Content starts
(* Let $G$ be a directed graph with vertices $s,t$ and let $k\ge1$. For every $C\in U^k$ there exists $\hat C\in U^k_{\mathrm{lr}}$ such that $\mu_e(C)=\mu_e(\hat C)$ for all $e\in E(G)$.
   Context: An $s$-$t$ cut of a directed graph $G$ is a set $X\subseteq E(G)$ such that removing $X$ leaves no directed $s$-$t$ path; $\Gamma_G(s,t)$ is the set of $s$-$t$ cuts of minimum cardinality. For $s$-$t$ cuts $X,Y$, write $X\le Y$ if every directed $s$-$t$ path in $G$ meets an edge of $X$ at or before (along the path) an edge of $Y$. $U^k$ denotes the set of $k$-tuples $[X_1,\dots,X_k]$ with each $X_i\in\Gamma_G(s,t)$, and $U^k_{\mathrm{lr}}\subseteq U^k$ the set of those in left-right order, i.e. with $X_i\le X_j$ for all $i<j$. For $C=[X_1,\dots,X_k]$ and $e\in E(G)$, the multiplicity $\mu_e(C)$ is the number of indices $i$ with $e\in X_i$. *)

theory Defs
  imports "Graph_Theory.Digraph" "Graph_Theory.Arc_Walk"
begin

definition st_cut :: "('a,'b) pre_digraph \<Rightarrow> 'a \<Rightarrow> 'a \<Rightarrow> 'b set \<Rightarrow> bool" where
  "st_cut G s t X \<longleftrightarrow> X \<subseteq> arcs G \<and>
     (\<forall>p. pre_digraph.apath G s p t \<longrightarrow> set p \<inter> X \<noteq> {})"

definition min_cuts :: "('a,'b) pre_digraph \<Rightarrow> 'a \<Rightarrow> 'a \<Rightarrow> 'b set set" where
  "min_cuts G s t = {X. st_cut G s t X \<and> (\<forall>Y. st_cut G s t Y \<longrightarrow> card X \<le> card Y)}"

definition cut_le :: "('a,'b) pre_digraph \<Rightarrow> 'a \<Rightarrow> 'a \<Rightarrow> 'b set \<Rightarrow> 'b set \<Rightarrow> bool" where
  "cut_le G s t X Y \<longleftrightarrow> (\<forall>p. pre_digraph.apath G s p t \<longrightarrow>
     (\<exists>i j. i \<le> j \<and> j < length p \<and> p ! i \<in> X \<and> p ! j \<in> Y))"

definition U :: "('a,'b) pre_digraph \<Rightarrow> 'a \<Rightarrow> 'a \<Rightarrow> nat \<Rightarrow> 'b set list set" where
  "U G s t k = {C. length C = k \<and> (\<forall>i<k. C ! i \<in> min_cuts G s t)}"

definition U_lr :: "('a,'b) pre_digraph \<Rightarrow> 'a \<Rightarrow> 'a \<Rightarrow> nat \<Rightarrow> 'b set list set" where
  "U_lr G s t k = {C \<in> U G s t k. \<forall>i j. i < j \<and> j < k \<longrightarrow> cut_le G s t (C ! i) (C ! j)}"

definition mult :: "'b set list \<Rightarrow> 'b \<Rightarrow> nat" where
  "mult C e = card {i. i < length C \<and> e \<in> C ! i}"

end

theory Submission
  imports Defs
begin

text \<open>
  For each cut \<open>C ! j\<close> let \<open>R j\<close> be the set of vertices reachable from \<open>s\<close> without using
  an arc of \<open>C ! j\<close>, and let \<open>c v\<close> count the \<open>j\<close> with \<open>v \<in> R j\<close>; then \<open>c s = k\<close> and
  \<open>c t = 0\<close>. The out-boundaries of the nested level sets \<open>{v. c v \<ge> k - i}\<close>, \<open>i < k\<close>, form
  a left-right ordered tuple of \<open>s\<close>-\<open>t\<close> cuts in which an arc \<open>e\<close> has multiplicity
  \<open>c (tail e) - c (head e)\<close>, and this is at most \<open>\<mu>\<^sub>e(C)\<close> because \<open>e\<close> lies in \<open>C ! j\<close> whenever
  it leaves \<open>R j\<close>. Summing multiplicities over all arcs gives the total size of a tuple,
  which for the new tuple is at least that of the tuple of minimum cuts \<open>C\<close>; hence all
  these inequalities are equalities.
\<close>

definition arcs_leaving :: "('a,'b) pre_digraph \<Rightarrow> 'a set \<Rightarrow> 'b set" where
  "arcs_leaving G S = {e \<in> arcs G. tail G e \<in> S \<and> head G e \<notin> S}"

definition reachable_avoiding :: "('a,'b) pre_digraph \<Rightarrow> 'b set \<Rightarrow> 'a \<Rightarrow> 'a set" where
  "reachable_avoiding G X s = {v. \<exists>p. pre_digraph.awalk G s p v \<and> set p \<inter> X = {}}"

definition level_cuts :: "('a,'b) pre_digraph \<Rightarrow> nat \<Rightarrow> ('a \<Rightarrow> nat) \<Rightarrow> 'b set list" where
  "level_cuts G k c = map (\<lambda>i. arcs_leaving G {v. k - i \<le> c v}) [0..<k]"

definition side_count :: "('a,'b) pre_digraph \<Rightarrow> 'b set list \<Rightarrow> 'a \<Rightarrow> 'a \<Rightarrow> nat" where
  "side_count G C s v = card {j. j < length C \<and> v \<in> reachable_avoiding G (C ! j) s}"

lemma mult_eq_sum_of_bool: "mult L e = (\<Sum>i<length L. of_bool (e \<in> L ! i))"
proof -
  have "{i. i < length L \<and> e \<in> L ! i} = {..<length L} \<inter> {i. e \<in> L ! i}" by auto
  then show ?thesis by (simp add: mult_def)
qed

lemma sum_mult_eq_sum_card:
  assumes "finite A" and "\<And>i. i < length L \<Longrightarrow> L ! i \<subseteq> A"
  shows "(\<Sum>e\<in>A. mult L e) = (\<Sum>i<length L. card (L ! i))"
proof -
  have "(\<Sum>e\<in>A. mult L e) = (\<Sum>i<length L. \<Sum>e\<in>A. of_bool (e \<in> L ! i))"
    unfolding mult_eq_sum_of_bool by (rule sum.swap)
  also have "\<dots> = (\<Sum>i<length L. card (L ! i))"
    using assms by (intro sum.cong) (auto simp: Int_absorb1)
  finally show ?thesis .
qed

lemma mult_level_cuts:
  assumes "e \<in> arcs G" and "c (tail G e) \<le> k" and "c (head G e) \<le> k"
  shows "mult (level_cuts G k c) e = c (tail G e) - c (head G e)"
proof -
  have "{i. i < length (level_cuts G k c) \<and> e \<in> level_cuts G k c ! i} =
      {i. i < k \<and> k - i \<le> c (tail G e) \<and> \<not> k - i \<le> c (head G e)}"
    using assms(1) by (auto simp: level_cuts_def arcs_leaving_def)
  also have "\<dots> = {k - c (tail G e)..<k - c (head G e)}"
    using assms(2,3) by auto
  finally show ?thesis using assms(2,3) by (simp add: mult_def)
qed

lemma card_diff_le_mult:
  assumes "\<And>j. j < length C \<Longrightarrow> arcs_leaving G (R j) \<subseteq> C ! j" and "e \<in> arcs G"
  shows "card {j. j < length C \<and> tail G e \<in> R j} - card {j. j < length C \<and> head G e \<in> R j}
    \<le> mult C e"
proof -
  let ?T = "{j. j < length C \<and> tail G e \<in> R j}" and ?H = "{j. j < length C \<and> head G e \<in> R j}"
  have "card ?T - card ?H \<le> card (?T - ?H)" by (intro diff_card_le_card_Diff) auto
  also have "\<dots> \<le> mult C e"
    unfolding mult_def using assms by (intro card_mono) (auto simp: arcs_leaving_def)
  finally show ?thesis .
qed

text \<open>
  Double counting turns the arcwise inequality into \<open>\<Sum>i. card (C' ! i) \<le> \<Sum>i. card (C ! i)\<close>,
  while minimality of the \<open>C ! i\<close> gives the reverse inequality termwise.
\<close>
lemma dominated_cut_tuple:
  assumes "finite (arcs G)" and "C \<in> U G s t k" and "length C' = k"
    and cuts: "\<And>i. i < k \<Longrightarrow> st_cut G s t (C' ! i)"
    and dominated: "\<And>e. e \<in> arcs G \<Longrightarrow> mult C' e \<le> mult C e"
  shows "C' \<in> U G s t k" and "\<forall>e \<in> arcs G. mult C' e = mult C e"
proof -
  have "length C = k" and min: "\<And>i. i < k \<Longrightarrow> C ! i \<in> min_cuts G s t"
    using assms(2) by (auto simp: U_def)
  have card_le: "card (C ! i) \<le> card (C' ! i)" if "i < k" for i
    using min[OF that] cuts[OF that] by (simp add: min_cuts_def)
  have sub: "C ! i \<subseteq> arcs G" "C' ! i \<subseteq> arcs G" if "i < k" for i
    using min[OF that] cuts[OF that] by (auto simp: min_cuts_def st_cut_def)
  have "(\<Sum>i<k. card (C ! i)) = (\<Sum>e\<in>arcs G. mult C e)"
    using sum_mult_eq_sum_card[OF assms(1), of C] sub \<open>length C = k\<close> by simp
  moreover have "(\<Sum>e\<in>arcs G. mult C' e) = (\<Sum>i<k. card (C' ! i))"
    using sum_mult_eq_sum_card[OF assms(1), of C'] sub \<open>length C' = k\<close> by simp
  moreover have "(\<Sum>e\<in>arcs G. mult C' e) \<le> (\<Sum>e\<in>arcs G. mult C e)"
    using dominated by (rule sum_mono)
  moreover have "(\<Sum>i<k. card (C ! i)) \<le> (\<Sum>i<k. card (C' ! i))"
    using card_le by (intro sum_mono) simp
  ultimately have sum_card_eq: "(\<Sum>i<k. card (C ! i)) = (\<Sum>i<k. card (C' ! i))"
    and sum_mult_eq: "(\<Sum>e\<in>arcs G. mult C' e) = (\<Sum>e\<in>arcs G. mult C e)"
    by linarith+
  have "C' ! i \<in> min_cuts G s t" if "i < k" for i
  proof -
    have "card (C ! i) = card (C' ! i)"
      using sum_mono_inv[OF sum_card_eq] card_le that by simp
    then show ?thesis using min[OF that] cuts[OF that] by (simp add: min_cuts_def)
  qed
  then show "C' \<in> U G s t k" using \<open>length C' = k\<close> by (simp add: U_def)
  show "\<forall>e \<in> arcs G. mult C' e = mult C e"
    using sum_mono_inv[OF sum_mult_eq] dominated assms(1) by blast
qed

context wf_digraph
begin

lemma awalk_last_arc_head:
  assumes "awalk u p v" and "p \<noteq> []"
  shows "head G (p ! (length p - 1)) = v"
  using assms awlast_if_cas[of u p v] by (auto simp: awalk_def awalk_verts_conv last_conv_nth)

lemma awalk_leaves_set_before:
  assumes "awalk u p v" and "u \<in> S" and "j < length p" and "head G (p ! j) \<notin> S"
  shows "\<exists>i\<le>j. p ! i \<in> arcs_leaving G S"
  using assms
proof (induction p arbitrary: u j)
  case Nil
  then show ?case by simp
next
  case (Cons e es)
  then have e: "e \<in> arcs G" "tail G e \<in> S" and es: "awalk (head G e) es v"
    by (auto simp: awalk_Cons_iff)
  show ?case
  proof (cases "head G e \<in> S")
    case True
    with Cons.prems obtain j' where j': "j = Suc j'" by (cases j) auto
    with Cons.IH[OF es True] Cons.prems obtain i where "i \<le> j'" "es ! i \<in> arcs_leaving G S"
      by auto
    with j' show ?thesis by (intro exI[of _ "Suc i"]) simp
  next
    case False
    with e show ?thesis by (intro exI[of _ 0]) (simp add: arcs_leaving_def)
  qed
qed

lemma st_cut_arcs_leaving:
  assumes "s \<in> S" and "t \<notin> S"
  shows "st_cut G s t (arcs_leaving G S)"
  unfolding st_cut_def
proof (intro conjI allI impI)
  show "arcs_leaving G S \<subseteq> arcs G" by (auto simp: arcs_leaving_def)
  fix p assume "apath s p t"
  then have walk: "awalk s p t" by (simp add: apath_def)
  with assms have "p \<noteq> []" by (auto simp: awalk_Nil_iff)
  then have last: "length p - 1 < length p" by simp
  have "head G (p ! (length p - 1)) \<notin> S"
    using awalk_last_arc_head[OF walk \<open>p \<noteq> []\<close>] assms(2) by simp
  then obtain i where "i \<le> length p - 1" "p ! i \<in> arcs_leaving G S"
    using awalk_leaves_set_before[OF walk assms(1) last] by blast
  with last have "p ! i \<in> set p \<inter> arcs_leaving G S" by simp
  then show "set p \<inter> arcs_leaving G S \<noteq> {}" by blast
qed

lemma cut_le_arcs_leaving:
  assumes "S \<subseteq> S'" and "s \<in> S" and "t \<notin> S'"
  shows "cut_le G s t (arcs_leaving G S) (arcs_leaving G S')"
  unfolding cut_le_def
proof (intro allI impI)
  fix p assume path: "apath s p t"
  have "st_cut G s t (arcs_leaving G S')" using assms by (intro st_cut_arcs_leaving) auto
  with path have "set p \<inter> arcs_leaving G S' \<noteq> {}" by (simp add: st_cut_def)
  then obtain j where j: "j < length p" "p ! j \<in> arcs_leaving G S'"
    by (auto simp: in_set_conv_nth)
  with assms have "head G (p ! j) \<notin> S" by (auto simp: arcs_leaving_def)
  with path assms j obtain i where "i \<le> j" "p ! i \<in> arcs_leaving G S"
    using awalk_leaves_set_before[of s p t S j] by (auto simp: apath_def)
  with j show "\<exists>i j. i \<le> j \<and> j < length p \<and> p ! i \<in> arcs_leaving G S \<and> p ! j \<in> arcs_leaving G S'"
    by blast
qed

lemma start_in_reachable_avoiding: "s \<in> verts G \<Longrightarrow> s \<in> reachable_avoiding G X s"
  unfolding reachable_avoiding_def by (auto simp: awalk_Nil_iff intro: exI[of _ "[]"])

lemma target_notin_reachable_avoiding:
  assumes "st_cut G s t X"
  shows "t \<notin> reachable_avoiding G X s"
proof
  assume "t \<in> reachable_avoiding G X s"
  then obtain p where p: "awalk s p t" "set p \<inter> X = {}" by (auto simp: reachable_avoiding_def)
  then have "apath s (awalk_to_apath p) t" and "set (awalk_to_apath p) \<inter> X = {}"
    using apath_awalk_to_apath awalk_to_apath_subset by blast+
  with assms show False by (auto simp: st_cut_def)
qed

lemma arcs_leaving_reachable_avoiding: "arcs_leaving G (reachable_avoiding G X s) \<subseteq> X"
proof
  fix e assume e: "e \<in> arcs_leaving G (reachable_avoiding G X s)"
  then obtain p where p: "awalk s p (tail G e)" "set p \<inter> X = {}" and "e \<in> arcs G"
    and not_reached: "head G e \<notin> reachable_avoiding G X s"
    by (auto simp: arcs_leaving_def reachable_avoiding_def)
  have "awalk s (p @ [e]) (head G e)"
    using awalk_appendI[OF p(1) arc_implies_awalk[OF \<open>e \<in> arcs G\<close>]] .
  with not_reached have "set (p @ [e]) \<inter> X \<noteq> {}" unfolding reachable_avoiding_def by blast
  with p(2) show "e \<in> X" by auto
qed

lemma st_cut_level_cuts:
  assumes "k \<le> c s" and "c t = 0" and "i < k"
  shows "st_cut G s t (level_cuts G k c ! i)"
  using st_cut_arcs_leaving[of s "{v. k - i \<le> c v}" t] assms by (simp add: level_cuts_def)

lemma cut_le_level_cuts:
  assumes "k \<le> c s" and "c t = 0" and "i < j" and "j < k"
  shows "cut_le G s t (level_cuts G k c ! i) (level_cuts G k c ! j)"
proof -
  have "{v. k - i \<le> c v} \<subseteq> {v. k - j \<le> c v}" using assms(3) by auto
  with assms show ?thesis
    using cut_le_arcs_leaving[of "{v. k - i \<le> c v}" "{v. k - j \<le> c v}" s t]
    by (simp add: level_cuts_def)
qed

lemma side_count_le: "side_count G C s v \<le> length C"
  unfolding side_count_def by (rule card_mono[of "{..<length C}", simplified]) auto

lemma side_count_start: "s \<in> verts G \<Longrightarrow> side_count G C s s = length C"
  by (simp add: side_count_def start_in_reachable_avoiding)

lemma side_count_target:
  "(\<And>j. j < length C \<Longrightarrow> st_cut G s t (C ! j)) \<Longrightarrow> side_count G C s t = 0"
  by (simp add: side_count_def target_notin_reachable_avoiding)

lemma mult_level_cuts_side_count_le:
  assumes "e \<in> arcs G"
  shows "mult (level_cuts G (length C) (side_count G C s)) e \<le> mult C e"
proof -
  have "mult (level_cuts G (length C) (side_count G C s)) e =
      side_count G C s (tail G e) - side_count G C s (head G e)"
    using assms side_count_le by (intro mult_level_cuts)
  also have "\<dots> \<le> mult C e"
    unfolding side_count_def using assms arcs_leaving_reachable_avoiding
    by (intro card_diff_le_mult)
  finally show ?thesis .
qed

end

theorem proposition1:
  fixes G :: "('a,'b) pre_digraph" and s t :: 'a and k :: nat
  assumes "fin_digraph G" and "s \<in> verts G" and "t \<in> verts G" and "k \<ge> 1"
    and "C \<in> U G s t k"
  shows "\<exists>C' \<in> U_lr G s t k. \<forall>e \<in> arcs G. mult C e = mult C' e"
proof -
  interpret fin_digraph G by fact
  have "length C = k" and cuts: "\<And>j. j < k \<Longrightarrow> st_cut G s t (C ! j)"
    using assms(5) by (auto simp: U_def min_cuts_def)
  have s_count: "k \<le> side_count G C s s"
    using side_count_start[OF assms(2)] \<open>length C = k\<close> by simp
  have t_count: "side_count G C s t = 0"
    using cuts \<open>length C = k\<close> by (intro side_count_target) simp
  define C' where "C' = level_cuts G k (side_count G C s)"
  have "length C' = k" by (simp add: C'_def level_cuts_def)
  moreover have "\<And>i. i < k \<Longrightarrow> st_cut G s t (C' ! i)"
    unfolding C'_def using s_count t_count by (rule st_cut_level_cuts)
  moreover have "\<And>e. e \<in> arcs G \<Longrightarrow> mult C' e \<le> mult C e"
    unfolding C'_def using mult_level_cuts_side_count_le[of _ C s] \<open>length C = k\<close> by simp
  ultimately have "C' \<in> U G s t k" and "\<forall>e \<in> arcs G. mult C' e = mult C e"
    using dominated_cut_tuple[OF finite_arcs assms(5)] by blast+
  moreover have "\<And>i j. i < j \<Longrightarrow> j < k \<Longrightarrow> cut_le G s t (C' ! i) (C' ! j)"
    unfolding C'_def using s_count t_count by (rule cut_le_level_cuts)
  ultimately show ?thesis by (auto simp: U_lr_def)
qed

end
Content ends
Activity => Will you return exactly the lines above from the one with "while minimality of" down to the one with "using dominated by (rule sum_mono)", counting both as part of the range?

Exercise output =>
  while minimality of the \<open>C ! i\<close> gives the reverse inequality termwise.
\<close>
lemma dominated_cut_tuple:
  assumes "finite (arcs G)" and "C \<in> U G s t k" and "length C' = k"
    and cuts: "\<And>i. i < k \<Longrightarrow> st_cut G s t (C' ! i)"
    and dominated: "\<And>e. e \<in> arcs G \<Longrightarrow> mult C' e \<le> mult C e"
  shows "C' \<in> U G s t k" and "\<forall>e \<in> arcs G. mult C' e = mult C e"
proof -
  have "length C = k" and min: "\<And>i. i < k \<Longrightarrow> C ! i \<in> min_cuts G s t"
    using assms(2) by (auto simp: U_def)
  have card_le: "card (C ! i) \<le> card (C' ! i)" if "i < k" for i
    using min[OF that] cuts[OF that] by (simp add: min_cuts_def)
  have sub: "C ! i \<subseteq> arcs G" "C' ! i \<subseteq> arcs G" if "i < k" for i
    using min[OF that] cuts[OF that] by (auto simp: min_cuts_def st_cut_def)
  have "(\<Sum>i<k. card (C ! i)) = (\<Sum>e\<in>arcs G. mult C e)"
    using sum_mult_eq_sum_card[OF assms(1), of C] sub \<open>length C = k\<close> by simp
  moreover have "(\<Sum>e\<in>arcs G. mult C' e) = (\<Sum>i<k. card (C' ! i))"
    using sum_mult_eq_sum_card[OF assms(1), of C'] sub \<open>length C' = k\<close> by simp
  moreover have "(\<Sum>e\<in>arcs G. mult C' e) \<le> (\<Sum>e\<in>arcs G. mult C e)"
    using dominated by (rule sum_mono)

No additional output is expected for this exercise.